- WHAT YOU SHOULD DO
Take each line of the listing that has the string "cases" and report it.

(RECORDS Opens)

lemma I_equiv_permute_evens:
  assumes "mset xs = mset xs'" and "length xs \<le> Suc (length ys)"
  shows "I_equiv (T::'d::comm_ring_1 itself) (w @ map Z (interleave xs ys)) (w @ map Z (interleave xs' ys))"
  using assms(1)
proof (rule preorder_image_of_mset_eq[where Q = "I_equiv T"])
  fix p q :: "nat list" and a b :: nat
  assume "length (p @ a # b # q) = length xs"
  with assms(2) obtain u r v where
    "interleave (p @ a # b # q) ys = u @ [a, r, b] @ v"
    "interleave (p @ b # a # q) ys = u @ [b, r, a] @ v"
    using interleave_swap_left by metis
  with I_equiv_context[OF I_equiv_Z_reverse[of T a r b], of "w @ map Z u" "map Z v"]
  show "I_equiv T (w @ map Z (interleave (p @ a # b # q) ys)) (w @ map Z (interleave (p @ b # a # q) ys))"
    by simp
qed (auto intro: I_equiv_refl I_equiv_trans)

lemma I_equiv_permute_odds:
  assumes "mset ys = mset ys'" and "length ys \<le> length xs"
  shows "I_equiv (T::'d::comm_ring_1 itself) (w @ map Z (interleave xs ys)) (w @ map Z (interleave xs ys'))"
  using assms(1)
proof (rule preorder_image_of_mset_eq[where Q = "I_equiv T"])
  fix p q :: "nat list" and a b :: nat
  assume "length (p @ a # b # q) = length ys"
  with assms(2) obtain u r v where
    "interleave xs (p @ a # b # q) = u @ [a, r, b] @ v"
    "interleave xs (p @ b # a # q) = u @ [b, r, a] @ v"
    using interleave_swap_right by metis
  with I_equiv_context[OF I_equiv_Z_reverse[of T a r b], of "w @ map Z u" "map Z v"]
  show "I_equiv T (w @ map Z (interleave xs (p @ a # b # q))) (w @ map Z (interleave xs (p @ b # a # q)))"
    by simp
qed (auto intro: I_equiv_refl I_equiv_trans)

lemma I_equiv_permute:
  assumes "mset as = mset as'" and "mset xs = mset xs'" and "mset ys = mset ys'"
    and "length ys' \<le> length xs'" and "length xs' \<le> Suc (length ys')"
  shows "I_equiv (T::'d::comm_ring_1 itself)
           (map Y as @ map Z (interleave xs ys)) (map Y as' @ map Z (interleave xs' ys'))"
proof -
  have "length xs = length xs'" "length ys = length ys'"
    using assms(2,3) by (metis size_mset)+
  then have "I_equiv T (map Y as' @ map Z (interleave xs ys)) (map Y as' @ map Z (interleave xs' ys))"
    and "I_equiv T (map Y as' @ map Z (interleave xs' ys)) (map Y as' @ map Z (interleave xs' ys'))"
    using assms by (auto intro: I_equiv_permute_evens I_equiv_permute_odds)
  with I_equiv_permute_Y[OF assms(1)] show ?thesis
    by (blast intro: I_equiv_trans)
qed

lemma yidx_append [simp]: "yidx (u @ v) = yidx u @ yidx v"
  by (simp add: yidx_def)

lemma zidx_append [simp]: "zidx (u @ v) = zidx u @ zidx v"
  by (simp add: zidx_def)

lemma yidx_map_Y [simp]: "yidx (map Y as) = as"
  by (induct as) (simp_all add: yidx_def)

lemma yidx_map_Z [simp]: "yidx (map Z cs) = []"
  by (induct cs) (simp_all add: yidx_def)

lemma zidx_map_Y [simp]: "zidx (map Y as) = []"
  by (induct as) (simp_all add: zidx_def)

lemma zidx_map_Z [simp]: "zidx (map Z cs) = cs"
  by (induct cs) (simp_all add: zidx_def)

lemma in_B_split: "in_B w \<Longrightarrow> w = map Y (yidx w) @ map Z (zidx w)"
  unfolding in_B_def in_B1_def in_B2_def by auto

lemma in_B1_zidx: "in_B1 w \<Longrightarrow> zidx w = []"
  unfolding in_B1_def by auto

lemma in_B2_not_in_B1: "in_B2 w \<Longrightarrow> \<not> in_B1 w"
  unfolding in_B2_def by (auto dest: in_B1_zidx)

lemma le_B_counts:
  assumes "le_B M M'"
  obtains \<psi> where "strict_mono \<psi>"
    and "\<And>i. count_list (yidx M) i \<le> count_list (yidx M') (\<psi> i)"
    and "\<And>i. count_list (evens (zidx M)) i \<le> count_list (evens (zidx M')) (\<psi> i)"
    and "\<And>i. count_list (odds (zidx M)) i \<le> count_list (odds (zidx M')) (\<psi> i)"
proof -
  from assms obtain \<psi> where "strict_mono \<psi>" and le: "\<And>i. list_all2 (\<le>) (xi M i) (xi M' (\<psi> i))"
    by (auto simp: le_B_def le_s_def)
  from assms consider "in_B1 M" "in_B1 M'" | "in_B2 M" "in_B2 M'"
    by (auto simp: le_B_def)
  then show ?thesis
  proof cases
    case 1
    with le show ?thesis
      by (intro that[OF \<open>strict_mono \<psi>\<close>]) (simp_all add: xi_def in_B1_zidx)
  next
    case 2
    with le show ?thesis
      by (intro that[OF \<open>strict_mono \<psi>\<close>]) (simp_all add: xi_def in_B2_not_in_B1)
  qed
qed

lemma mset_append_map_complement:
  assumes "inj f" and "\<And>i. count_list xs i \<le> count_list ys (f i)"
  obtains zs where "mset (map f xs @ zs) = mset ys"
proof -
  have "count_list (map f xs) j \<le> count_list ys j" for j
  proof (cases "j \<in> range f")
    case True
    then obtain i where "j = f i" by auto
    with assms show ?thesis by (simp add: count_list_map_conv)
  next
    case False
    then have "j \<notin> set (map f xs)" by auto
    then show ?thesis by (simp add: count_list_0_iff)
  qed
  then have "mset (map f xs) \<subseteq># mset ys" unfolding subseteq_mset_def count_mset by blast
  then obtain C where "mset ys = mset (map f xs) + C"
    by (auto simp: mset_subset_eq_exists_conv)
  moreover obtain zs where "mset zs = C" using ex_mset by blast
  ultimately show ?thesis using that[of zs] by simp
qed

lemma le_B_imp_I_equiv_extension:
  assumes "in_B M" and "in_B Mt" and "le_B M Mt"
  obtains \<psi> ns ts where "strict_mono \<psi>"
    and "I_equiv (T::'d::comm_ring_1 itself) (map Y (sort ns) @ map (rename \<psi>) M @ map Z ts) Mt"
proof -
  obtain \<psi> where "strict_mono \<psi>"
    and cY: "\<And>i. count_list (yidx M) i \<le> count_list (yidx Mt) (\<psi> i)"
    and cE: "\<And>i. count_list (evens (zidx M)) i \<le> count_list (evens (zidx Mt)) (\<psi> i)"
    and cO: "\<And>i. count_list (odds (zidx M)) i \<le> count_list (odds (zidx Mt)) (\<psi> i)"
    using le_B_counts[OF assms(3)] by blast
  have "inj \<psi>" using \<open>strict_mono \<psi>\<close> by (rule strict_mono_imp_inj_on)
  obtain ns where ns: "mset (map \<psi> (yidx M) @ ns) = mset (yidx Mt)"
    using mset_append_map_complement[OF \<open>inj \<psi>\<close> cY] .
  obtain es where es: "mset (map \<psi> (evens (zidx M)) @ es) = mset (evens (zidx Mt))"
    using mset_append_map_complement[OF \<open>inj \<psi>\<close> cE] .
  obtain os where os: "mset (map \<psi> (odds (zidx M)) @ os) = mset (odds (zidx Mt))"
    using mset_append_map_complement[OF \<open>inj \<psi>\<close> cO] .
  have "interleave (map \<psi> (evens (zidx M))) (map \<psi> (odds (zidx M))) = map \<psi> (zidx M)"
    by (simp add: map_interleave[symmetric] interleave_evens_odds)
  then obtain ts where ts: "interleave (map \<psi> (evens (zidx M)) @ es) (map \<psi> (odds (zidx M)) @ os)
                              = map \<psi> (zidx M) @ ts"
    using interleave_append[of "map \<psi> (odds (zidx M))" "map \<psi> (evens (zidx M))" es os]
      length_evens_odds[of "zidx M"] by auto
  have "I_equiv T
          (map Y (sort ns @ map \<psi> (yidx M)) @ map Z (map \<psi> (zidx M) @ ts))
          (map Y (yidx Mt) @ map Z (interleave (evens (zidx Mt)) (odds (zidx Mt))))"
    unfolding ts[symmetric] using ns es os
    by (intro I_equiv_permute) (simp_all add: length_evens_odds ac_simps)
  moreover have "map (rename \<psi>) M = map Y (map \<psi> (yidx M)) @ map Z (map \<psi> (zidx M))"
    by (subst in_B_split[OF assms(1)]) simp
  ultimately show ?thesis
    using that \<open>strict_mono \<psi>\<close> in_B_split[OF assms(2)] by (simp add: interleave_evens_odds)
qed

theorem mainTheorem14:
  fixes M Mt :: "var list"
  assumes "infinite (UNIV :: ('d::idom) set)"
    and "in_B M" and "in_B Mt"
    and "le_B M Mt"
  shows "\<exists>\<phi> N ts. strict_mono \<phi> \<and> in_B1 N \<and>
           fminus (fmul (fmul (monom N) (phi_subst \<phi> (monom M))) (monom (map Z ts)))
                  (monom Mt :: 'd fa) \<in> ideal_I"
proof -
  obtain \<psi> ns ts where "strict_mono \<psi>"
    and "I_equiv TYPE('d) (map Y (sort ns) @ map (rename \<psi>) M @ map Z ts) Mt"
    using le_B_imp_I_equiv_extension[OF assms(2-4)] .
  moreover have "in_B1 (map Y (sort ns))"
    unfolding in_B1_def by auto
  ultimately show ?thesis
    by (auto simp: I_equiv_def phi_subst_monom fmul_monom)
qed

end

(RECORDS Closes)
(RECORDS Opens)

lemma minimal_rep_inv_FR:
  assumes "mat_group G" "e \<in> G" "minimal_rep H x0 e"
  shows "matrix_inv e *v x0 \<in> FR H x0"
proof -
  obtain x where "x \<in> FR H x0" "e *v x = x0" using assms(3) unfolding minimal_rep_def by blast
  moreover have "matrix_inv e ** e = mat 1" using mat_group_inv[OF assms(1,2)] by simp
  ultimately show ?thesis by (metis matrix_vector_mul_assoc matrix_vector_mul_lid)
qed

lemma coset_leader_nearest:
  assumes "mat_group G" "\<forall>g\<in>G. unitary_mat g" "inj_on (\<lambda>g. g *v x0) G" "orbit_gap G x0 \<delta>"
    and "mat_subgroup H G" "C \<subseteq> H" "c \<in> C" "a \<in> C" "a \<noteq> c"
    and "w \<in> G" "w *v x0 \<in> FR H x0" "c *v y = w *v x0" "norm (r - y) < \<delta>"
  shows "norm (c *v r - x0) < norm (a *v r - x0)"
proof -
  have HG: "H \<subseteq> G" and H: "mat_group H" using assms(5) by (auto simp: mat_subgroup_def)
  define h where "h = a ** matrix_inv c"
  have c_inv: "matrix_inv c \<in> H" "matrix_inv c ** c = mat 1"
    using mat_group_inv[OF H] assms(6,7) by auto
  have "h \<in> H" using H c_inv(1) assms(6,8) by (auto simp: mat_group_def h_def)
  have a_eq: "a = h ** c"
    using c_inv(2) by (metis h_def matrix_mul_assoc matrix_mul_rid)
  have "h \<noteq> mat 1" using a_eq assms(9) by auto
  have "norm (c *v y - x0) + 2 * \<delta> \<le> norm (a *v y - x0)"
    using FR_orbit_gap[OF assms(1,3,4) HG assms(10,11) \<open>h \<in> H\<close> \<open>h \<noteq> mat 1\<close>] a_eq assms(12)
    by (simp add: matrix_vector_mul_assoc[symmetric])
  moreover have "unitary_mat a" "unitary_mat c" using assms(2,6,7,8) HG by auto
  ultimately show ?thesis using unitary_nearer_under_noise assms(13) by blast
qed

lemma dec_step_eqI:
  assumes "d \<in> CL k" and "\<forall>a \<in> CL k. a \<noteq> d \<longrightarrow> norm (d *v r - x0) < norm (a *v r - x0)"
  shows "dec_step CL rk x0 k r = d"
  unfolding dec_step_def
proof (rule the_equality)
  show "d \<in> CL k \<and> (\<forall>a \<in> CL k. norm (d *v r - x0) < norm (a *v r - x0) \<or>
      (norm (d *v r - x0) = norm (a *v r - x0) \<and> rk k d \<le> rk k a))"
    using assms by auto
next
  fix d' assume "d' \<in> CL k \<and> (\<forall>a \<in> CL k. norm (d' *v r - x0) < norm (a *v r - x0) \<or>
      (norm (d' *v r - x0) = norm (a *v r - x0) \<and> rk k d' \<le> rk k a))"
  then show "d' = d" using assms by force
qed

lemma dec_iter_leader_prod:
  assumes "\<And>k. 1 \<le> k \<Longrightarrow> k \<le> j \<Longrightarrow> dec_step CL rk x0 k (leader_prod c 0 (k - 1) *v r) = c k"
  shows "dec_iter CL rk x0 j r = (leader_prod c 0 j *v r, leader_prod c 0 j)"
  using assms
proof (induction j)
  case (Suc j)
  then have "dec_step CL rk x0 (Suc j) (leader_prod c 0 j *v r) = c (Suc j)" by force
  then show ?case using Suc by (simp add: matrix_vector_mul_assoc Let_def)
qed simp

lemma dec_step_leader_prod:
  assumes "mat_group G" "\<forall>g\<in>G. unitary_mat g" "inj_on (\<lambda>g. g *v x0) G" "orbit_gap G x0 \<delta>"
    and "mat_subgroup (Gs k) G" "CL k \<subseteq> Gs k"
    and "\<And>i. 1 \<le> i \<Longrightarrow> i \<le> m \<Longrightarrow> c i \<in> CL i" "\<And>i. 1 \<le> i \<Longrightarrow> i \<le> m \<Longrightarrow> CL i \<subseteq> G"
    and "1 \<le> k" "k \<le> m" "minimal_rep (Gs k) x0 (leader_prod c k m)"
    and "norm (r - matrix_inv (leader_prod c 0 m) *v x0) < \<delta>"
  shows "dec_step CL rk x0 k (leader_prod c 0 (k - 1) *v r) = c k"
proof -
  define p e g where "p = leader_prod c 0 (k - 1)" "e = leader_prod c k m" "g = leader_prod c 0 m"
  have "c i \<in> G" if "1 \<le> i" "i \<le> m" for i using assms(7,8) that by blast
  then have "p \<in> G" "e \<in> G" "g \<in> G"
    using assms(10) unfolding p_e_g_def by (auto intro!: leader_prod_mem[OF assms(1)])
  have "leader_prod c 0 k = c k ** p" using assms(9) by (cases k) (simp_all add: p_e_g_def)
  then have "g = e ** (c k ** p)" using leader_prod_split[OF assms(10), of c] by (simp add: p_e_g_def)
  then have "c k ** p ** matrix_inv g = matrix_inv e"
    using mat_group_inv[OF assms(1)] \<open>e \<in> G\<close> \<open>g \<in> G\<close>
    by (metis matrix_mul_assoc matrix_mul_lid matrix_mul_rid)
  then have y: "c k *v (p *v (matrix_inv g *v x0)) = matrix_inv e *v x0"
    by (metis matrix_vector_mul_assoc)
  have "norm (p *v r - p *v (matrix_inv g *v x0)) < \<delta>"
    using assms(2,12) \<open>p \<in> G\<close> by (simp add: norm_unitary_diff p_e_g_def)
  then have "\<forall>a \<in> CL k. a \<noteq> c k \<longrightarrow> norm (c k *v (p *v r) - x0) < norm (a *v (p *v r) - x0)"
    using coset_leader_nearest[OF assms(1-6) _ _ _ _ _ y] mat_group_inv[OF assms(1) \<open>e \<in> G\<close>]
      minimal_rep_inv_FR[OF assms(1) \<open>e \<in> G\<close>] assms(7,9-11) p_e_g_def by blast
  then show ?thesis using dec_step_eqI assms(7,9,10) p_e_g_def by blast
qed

(RECORDS Closes)

- RESPONSE FOR THIS EXERCISE
  proof cases
  proof (cases "j \<in> range f")
  have "leader_prod c 0 k = c k ** p" using assms(9) by (cases k) (simp_all add: p_e_g_def)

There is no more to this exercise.